Just to provide some recent results see the following two figures for floating point performance, which are quite interesting. The first is for single precision GFLOPS and the second one for double precision GFLOPS. It is interesting to notice that for double precision data, the FX-3800 and the C1060 both are close to theoretical maximum data. It is also interesting to note that the C2050 clearly outperforms the C1060 - in single precision also by way more than the data announced by NVIDIA.

Fig. 0a: Key data: Matrix element multiply; K=2; Measured floating point performance in single precision for a number of different GPUs. The CPU reference is an Intel Core i7-975 Extreme. Jacket version: 1.4.0, NVIDIA Windows 7 driver: 257.21.
Fig. 0b: Key data: Matrix element multiply; K=2; Measured floating point performance in double precision for a number of different GPUs. The CPU reference is an Intel Core i7-975 Extreme. Jacket version: 1.4.0, NVIDIA Windows 7 driver: 257.21.



Matrix Multiplications

In the following, the first attempt to measure the floating point operation performance is based on matrix multiplications. First, the theory is briefly described where focus is on finding an expression for the number of multiplications and additions when multiplying any number of square matrices. Next the source code to perform the benchmark is shown. And finally some practical results are shown.


Theory

When performing matrix multiplications of K square matrices \mathbf{A}_1 \cdot \mathbf{A}_2 \cdots \mathbf{A}_K the result is:



\mathbf{R} = \mathbf{A}_1 \cdot \mathbf{A}_2 \cdots \mathbf{A}_K,\quad \mathbf{A}_1,\mathbf{A}_2, \ldots, \mathbf{A}_K \in R^\mathbf{N\times N}


The number of floating operations to perform this matrix multiplication are the following:


  1. Number of multiplications: (K-1)\cdot N^3.
  2. Number of additions: (K-1)\cdot N^2\cdot (N-1)


In total the number of floating point operations is:



F_{\rm floats} = (K-1) \cdot N^2 \cdot (2\cdot N-1)

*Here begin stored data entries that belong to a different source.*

(* The ai-semiring $S_{(4,435)}$ is nonfinitely based.
   Context: An ai-semiring is an algebra $(S,+,\cdot)$ with $(S,+)$ a semilattice, $(S,\cdot)$ a semigroup, and both distributive laws. An algebra is finitely based if some finite set of identities derives all its identities. $S_{(4,435)}$ has carrier $\{1,2,3,4\}$; addition: $x+x=x$, $2+x=x$, $1+x=1$ for all $x$, $3+4=1$; multiplication (row $a$, column $b$ gives $a\cdot b$): row $1$: $1,2,1,1$; row $2$: $2,2,2,2$; row $3$: $1,2,1,3$; row $4$: $1,2,3,4$. *)

theory Defs
  imports Main
begin

datatype trm = Var nat | Plus trm trm | Times trm trm

fun eval :: "('a \<Rightarrow> 'a \<Rightarrow> 'a) \<Rightarrow> ('a \<Rightarrow> 'a \<Rightarrow> 'a) \<Rightarrow> (nat \<Rightarrow> 'a) \<Rightarrow> trm \<Rightarrow> 'a" where
  "eval pl tm v (Var n) = v n"
| "eval pl tm v (Plus s t) = pl (eval pl tm v s) (eval pl tm v t)"
| "eval pl tm v (Times s t) = tm (eval pl tm v s) (eval pl tm v t)"

definition satisfies :: "('a \<Rightarrow> 'a \<Rightarrow> 'a) \<Rightarrow> ('a \<Rightarrow> 'a \<Rightarrow> 'a) \<Rightarrow> trm \<times> trm \<Rightarrow> bool" where
  "satisfies pl tm e \<longleftrightarrow> (\<forall>v. eval pl tm v (fst e) = eval pl tm v (snd e))"

definition identities :: "('a \<Rightarrow> 'a \<Rightarrow> 'a) \<Rightarrow> ('a \<Rightarrow> 'a \<Rightarrow> 'a) \<Rightarrow> (trm \<times> trm) set" where
  "identities pl tm = {e. satisfies pl tm e}"

fun subst :: "(nat \<Rightarrow> trm) \<Rightarrow> trm \<Rightarrow> trm" where
  "subst \<sigma> (Var n) = \<sigma> n"
| "subst \<sigma> (Plus s t) = Plus (subst \<sigma> s) (subst \<sigma> t)"
| "subst \<sigma> (Times s t) = Times (subst \<sigma> s) (subst \<sigma> t)"

inductive derives :: "(trm \<times> trm) set \<Rightarrow> trm \<Rightarrow> trm \<Rightarrow> bool" for \<Sigma> where
  ax: "(s, t) \<in> \<Sigma> \<Longrightarrow> derives \<Sigma> s t"
| refl: "derives \<Sigma> t t"
| sym: "derives \<Sigma> s t \<Longrightarrow> derives \<Sigma> t s"
| trans: "derives \<Sigma> s t \<Longrightarrow> derives \<Sigma> t u \<Longrightarrow> derives \<Sigma> s u"
| subst: "derives \<Sigma> s t \<Longrightarrow> derives \<Sigma> (subst \<sigma> s) (subst \<sigma> t)"
| cong_plus: "derives \<Sigma> s1 t1 \<Longrightarrow> derives \<Sigma> s2 t2 \<Longrightarrow> derives \<Sigma> (Plus s1 s2) (Plus t1 t2)"
| cong_times: "derives \<Sigma> s1 t1 \<Longrightarrow> derives \<Sigma> s2 t2 \<Longrightarrow> derives \<Sigma> (Times s1 s2) (Times t1 t2)"

definition finitely_based :: "('a \<Rightarrow> 'a \<Rightarrow> 'a) \<Rightarrow> ('a \<Rightarrow> 'a \<Rightarrow> 'a) \<Rightarrow> bool" where
  "finitely_based pl tm \<longleftrightarrow>
     (\<exists>\<Sigma>. finite \<Sigma> \<and> \<Sigma> \<subseteq> identities pl tm \<and>
          (\<forall>e \<in> identities pl tm. derives \<Sigma> (fst e) (snd e)))"

datatype s4 = E1 | E2 | E3 | E4

fun s4_add :: "s4 \<Rightarrow> s4 \<Rightarrow> s4" where
  "s4_add E2 y = y"
| "s4_add x E2 = x"
| "s4_add E1 y = E1"
| "s4_add x E1 = E1"
| "s4_add E3 E3 = E3"
| "s4_add E4 E4 = E4"
| "s4_add E3 E4 = E1"
| "s4_add E4 E3 = E1"

fun s4_mul :: "s4 \<Rightarrow> s4 \<Rightarrow> s4" where
  "s4_mul E1 E1 = E1" | "s4_mul E1 E2 = E2" | "s4_mul E1 E3 = E1" | "s4_mul E1 E4 = E1"
| "s4_mul E2 y = E2"
| "s4_mul E3 E1 = E1" | "s4_mul E3 E2 = E2" | "s4_mul E3 E3 = E1" | "s4_mul E3 E4 = E3"
| "s4_mul E4 E1 = E1" | "s4_mul E4 E2 = E2" | "s4_mul E4 E3 = E3" | "s4_mul E4 E4 = E4"

end

theory Submission
  imports Defs "HOL-Library.Multiset" "HOL-Library.Set_Algebras"
begin

text \<open>Multiplication in S is commutative and addition is a semilattice, so the value of a term
in S depends only on its set of monomials, a monomial being a multiset of variables.
For odd n, S satisfies the cycle identity
x0 x1 + x1 x2 + ... + x(n-1) x0 = x0 x1 + x1 x2 + ... + x(n-1) x0 + x0 x1 ... x(n-1):
if no variable is 2 and the left side is 3, every edge product is 3, so the variables valued 3
alternate around an odd cycle. The cycle identity fails in the algebra B_n of sets of monomials
in which every set that is neither a set of vertices {i} nor a set of edges {i, i+1 mod n} of the
n-cycle collapses to an absorbing element. Yet every identity l = r of S in fewer than n variables
holds in B_n. If l evaluates to a set of edges, its monomials have degree at most 2 and its
quadratic monomials form a graph mapped into the cycle; on the variables of a monomial M of r,
which miss some vertex of the cycle, this graph is properly 2-coloured by a path, and assignments
into {2, 3, 4} built from the colouring force M to be a monomial of l. Hence l and r have the same
monomials whenever either side evaluates to a proper element of B_n.\<close>

section \<open>Equational logic relative to a subset\<close>

definition satisfies_on :: "'a set \<Rightarrow> ('a \<Rightarrow> 'a \<Rightarrow> 'a) \<Rightarrow> ('a \<Rightarrow> 'a \<Rightarrow> 'a) \<Rightarrow> trm \<times> trm \<Rightarrow> bool" where
  "satisfies_on D pl tm e \<longleftrightarrow>
     (\<forall>\<phi>. range \<phi> \<subseteq> D \<longrightarrow> eval pl tm \<phi> (fst e) = eval pl tm \<phi> (snd e))"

It is essential when measuring the floating point performance to have as many arithmetic computations as possible for the number of memory access (read/write). One of the better ways is the one shown above where F_{\rm floats} \propto N^3. When doing for example element wise operations it is so that F_{\rm floats} \propto N^2, which means that the measured floating point performance is significantly lower. Simply because it is limited by memory access.


Source Code

The source code is made in two parts: 1) a function to do the actual benchmark, and 2) a master file which sets up names of figures and produced data and the directory where to put the data. A number of functions are made where these are different in the number of matrices being multiplied. This could of course have been done in one file but here it has been chosen to have a function for each number of matrices to be multiplied, K.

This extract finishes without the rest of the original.